Evaluation of single-cell classifiers for single-cell RNA sequencing data sets

Single-cell RNA sequencing (scRNA-seq) has been rapidly developing and widely applied in biological and medical research. Identification of cell types in scRNA-seq data sets is an essential step before in-depth investigations of their functional and pathological roles. However, the conventional workflow based on clustering and marker genes is not scalable for an increasingly large number of scRNA-seq data sets due to complicated procedures and manual annotation. Therefore, a number of tools have been developed recently to predict cell types in new data sets using reference data sets. These methods have not been generally adapted due to a lack of tool benchmarking and user guidance.
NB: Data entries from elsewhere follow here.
(* Let $d\ge1$ and $\alpha>0$. Suppose that for every $n\ge1$ and every finite hypergraph $\mathcal{T}$ of discrete $d$-intervals on $[n]$ one has $\tau^*_\ell(\mathcal{T})\le\alpha d\,\nu_\ell(\mathcal{T})$, where $\ell(T)=|T|$. Then for every hypergraph $H$ of $d$-intervals (on $\mathbb{R}$) and every weight system $w$ on $H$, $\tau_w(H)\le\alpha d^2\,\nu_w(H)$.
   Context: A $d$-interval is a union of at most $d$ pairwise disjoint closed intervals of $\mathbb{R}$; a hypergraph of $d$-intervals is a finite family of $d$-intervals, regarded as a hypergraph on vertex set $\mathbb{R}$. A discrete $d$-interval on $[n]=\{1,\dots,n\}$ is a union of at most $d$ pairwise disjoint nonempty sets of consecutive integers; a hypergraph of discrete $d$-intervals on $[n]$ is a finite family of these, regarded as a hypergraph on vertex set $[n]$. A matching is a set of pairwise disjoint edges. For a weight function $w$ on the edges (with values in $\mathbb{N}$; for $\ell$, $\ell(T)=|T|$), $\nu_w$ is the maximum of $\sum_{h\in M}w(h)$ over matchings $M$; a $w$-cover is a finitely supported $g$ from the vertex set to $\mathbb{N}$ with $\sum_{v\in h}g(v)\ge w(h)$ for every edge $h$, and $\tau_w$ is the minimum of $\sum_v g(v)$ over $w$-covers; $\tau^*_w$ is defined the same way with $g$ taking values in $\mathbb{R}_{\ge0}$ (infimum). A weight system on $H$ is a function $w:H\to\mathbb{N}$. *)

theory Defs
  imports Main "HOL-Library.Extended_Nat" Complex_Main
begin

definition d_interval :: "nat \<Rightarrow> ('a::linorder) set \<Rightarrow> bool" where
  "d_interval d S \<longleftrightarrow> (\<exists>I :: ('a \<times> 'a) list.
     1 \<le> length I \<and> length I \<le> d \<and>
     (\<forall>p\<in>set I. fst p \<le> snd p) \<and>
     (\<forall>i<length I. \<forall>j<length I. i \<noteq> j \<longrightarrow>
        {fst (I!i)..snd (I!i)} \<inter> {fst (I!j)..snd (I!j)} = {}) \<and>
     S = (\<Union>p\<in>set I. {fst p..snd p}))"

definition discrete_d_interval :: "nat \<Rightarrow> nat \<Rightarrow> nat set \<Rightarrow> bool" where
  "discrete_d_interval n d S \<longleftrightarrow> d_interval d S \<and> S \<subseteq> {1..n}"

definition matching :: "'v set set \<Rightarrow> bool" where
  "matching M \<longleftrightarrow> (\<forall>a\<in>M. \<forall>b\<in>M. a \<noteq> b \<longrightarrow> a \<inter> b = {})"

definition nu_w :: "('v set \<Rightarrow> nat) \<Rightarrow> 'v set set \<Rightarrow> nat" where
  "nu_w w H = Max {(\<Sum>h\<in>M. w h) | M. M \<subseteq> H \<and> matching M}"

definition is_w_cover :: "('v set \<Rightarrow> nat) \<Rightarrow> 'v set set \<Rightarrow> ('v \<Rightarrow> nat) \<Rightarrow> bool" where
  "is_w_cover w H g \<longleftrightarrow> finite {v. g v \<noteq> 0} \<and>
     (\<forall>h\<in>H. w h \<le> (\<Sum>v\<in>h \<inter> {v. g v \<noteq> 0}. g v))"

definition tau_w :: "('v set \<Rightarrow> nat) \<Rightarrow> 'v set set \<Rightarrow> nat" where
  "tau_w w H = (LEAST t. \<exists>g. is_w_cover w H g \<and> t = (\<Sum>v\<in>{v. g v \<noteq> 0}. g v))"

definition frac_tau_w :: "nat \<Rightarrow> (nat set \<Rightarrow> nat) \<Rightarrow> nat set set \<Rightarrow> real" where
  "frac_tau_w n w T = Inf {(\<Sum>v\<in>{1..n}. g v) | g :: nat \<Rightarrow> real.
      (\<forall>v. 0 \<le> g v) \<and> (\<forall>t\<in>T. real (w t) \<le> (\<Sum>v\<in>t \<inter> {1..n}. g v))}"

end

theory Submission
  imports Defs "HOL-Analysis.Analysis" "HOL-Library.Multiset"
begin

text \<open>
  Fix a finite hypergraph H of d-intervals with weights w and let E be the
  finite set of endpoints of the component intervals of its edges.  Fractional w-covers
  can be taken to live on E, and an optimal one g exists by compactness.

  (1) Rounding: some component of each edge carries at least a 1/d share of the weight
      of g on that edge, and fractional covers of intervals on a line round to integral
      ones (tokens placed where the cumulative weight crosses an integer).
      Hence tau_w(H) \<le> d * sum g.
  (2) Blow-up: for N \<ge> 1 replace each e \<in> E by about N * g(e) consecutive integers.  The
      edges that are tight for g become discrete d-intervals T_N on [n].  A fractional
      cover of T_N pulls back to a vector satisfying the tight constraints, so by
      optimality of g (near an optimum only the tight constraints matter)
      N * sum g \<le> tau*(T_N); matchings of T_N lift to matchings of H, so
      nu(T_N) \<le> N * nu_w(H) + 2|E||H|.
  (3) The hypothesis gives N * sum g \<le> alpha * d * (N * nu_w(H) + 2|E||H|) for all N,
      hence sum g \<le> alpha * d * nu_w(H), and with (1) tau_w(H) \<le> alpha * d^2 * nu_w(H).
\<close>

definition interval_decomp :: "('a::linorder \<times> 'a) list \<Rightarrow> 'a set \<Rightarrow> bool" where
  "interval_decomp I S \<longleftrightarrow> I \<noteq> [] \<and> (\<forall>p\<in>set I. fst p \<le> snd p) \<and>
     (\<forall>i<length I. \<forall>j<length I. i \<noteq> j \<longrightarrow>
        {fst (I!i)..snd (I!i)} \<inter> {fst (I!j)..snd (I!j)} = {}) \<and>
     S = (\<Union>p\<in>set I. {fst p..snd p})"

lemma d_interval_iff_decomp: "d_interval d S \<longleftrightarrow> (\<exists>I. interval_decomp I S \<and> length I \<le> d)"
  unfolding d_interval_def interval_decomp_def by (simp add: Suc_le_eq conj_ac)

lemma interval_decomp_mem:
  "interval_decomp I S \<Longrightarrow> x \<in> S \<longleftrightarrow> (\<exists>p\<in>set I. fst p \<le> x \<and> x \<le> snd p)"
  unfolding interval_decomp_def by auto

lemma UN_set_conv_nth: "(\<Union>p\<in>set I. f p) = (\<Union>i<length I. f (I!i))"
  by (metis image_image lessThan_atLeast0 set_map map_nth set_upt)

lemma pigeonhole_component:
  fixes g :: "'a::linorder \<Rightarrow> real"
  assumes E: "finite E" and I: "interval_decomp I S" "length I \<le> d"
    and r: "0 \<le> r" "r \<le> (\<Sum>e\<in>S \<inter> E. g e)"
  shows "\<exists>p\<in>set I. r \<le> real d * (\<Sum>e\<in>E \<inter> {fst p..snd p}. g e)"
proof (rule ccontr)
  assume small: "\<not> ?thesis"
  let ?A = "\<lambda>i. E \<inter> {fst (I!i)..snd (I!i)}"
  have union: "S \<inter> E = (\<Union>i<length I. ?A i)"
    using I(1) by (auto simp: interval_decomp_def UN_set_conv_nth)
  have disjoint: "\<forall>i\<in>{..<length I}. \<forall>j\<in>{..<length I}. i \<noteq> j \<longrightarrow> ?A i \<inter> ?A j = {}"
    using I(1) unfolding interval_decomp_def by blast
  have "(\<Sum>e\<in>S \<inter> E. g e) = (\<Sum>i<length I. \<Sum>e\<in>?A i. g e)"
    unfolding union by (rule sum.UNION_disjoint) (use E disjoint in auto)
  then have "real d * (\<Sum>e\<in>S \<inter> E. g e) = (\<Sum>i<length I. real d * (\<Sum>e\<in>?A i. g e))"
    by (simp add: sum_distrib_left)
  also have "\<dots> < (\<Sum>i<length I. r)"
    using small I(1) by (intro sum_strict_mono) (auto simp: not_le interval_decomp_def)
  also have "\<dots> \<le> real d * r"
    using I(2) r(1) by (simp add: mult_right_mono)
  finally have "real d * (\<Sum>e\<in>S \<inter> E. g e) < real d * r" .
  moreover have "0 < d"
    using I length_greater_0_conv[of I] unfolding interval_decomp_def by linarith
  ultimately show False
    using r(2) by simp
qed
In this article, we performed a comprehensive and impartial evaluation of nine classification software tools specifically designed for scRNA-seq data sets. Results showed that Seurat based on random forest, SingleR based on correlation analysis and CaSTLe based on XGBoost performed better than others. A simple ensemble voting of all tools can improve the predictive accuracy. Under nonideal situations, such as small-sized and class-imbalanced reference data sets, tools based on cluster-level similarities have superior performance. However, even with the function of assigning 'unassigned' labels, it is still challenging to catch novel cell types by solely using any of the single-cell classifiers. This article provides a guideline for researchers to select and apply suitable classification tools in their analysis workflows and sheds some lights on potential direction of future improvement on classification tools.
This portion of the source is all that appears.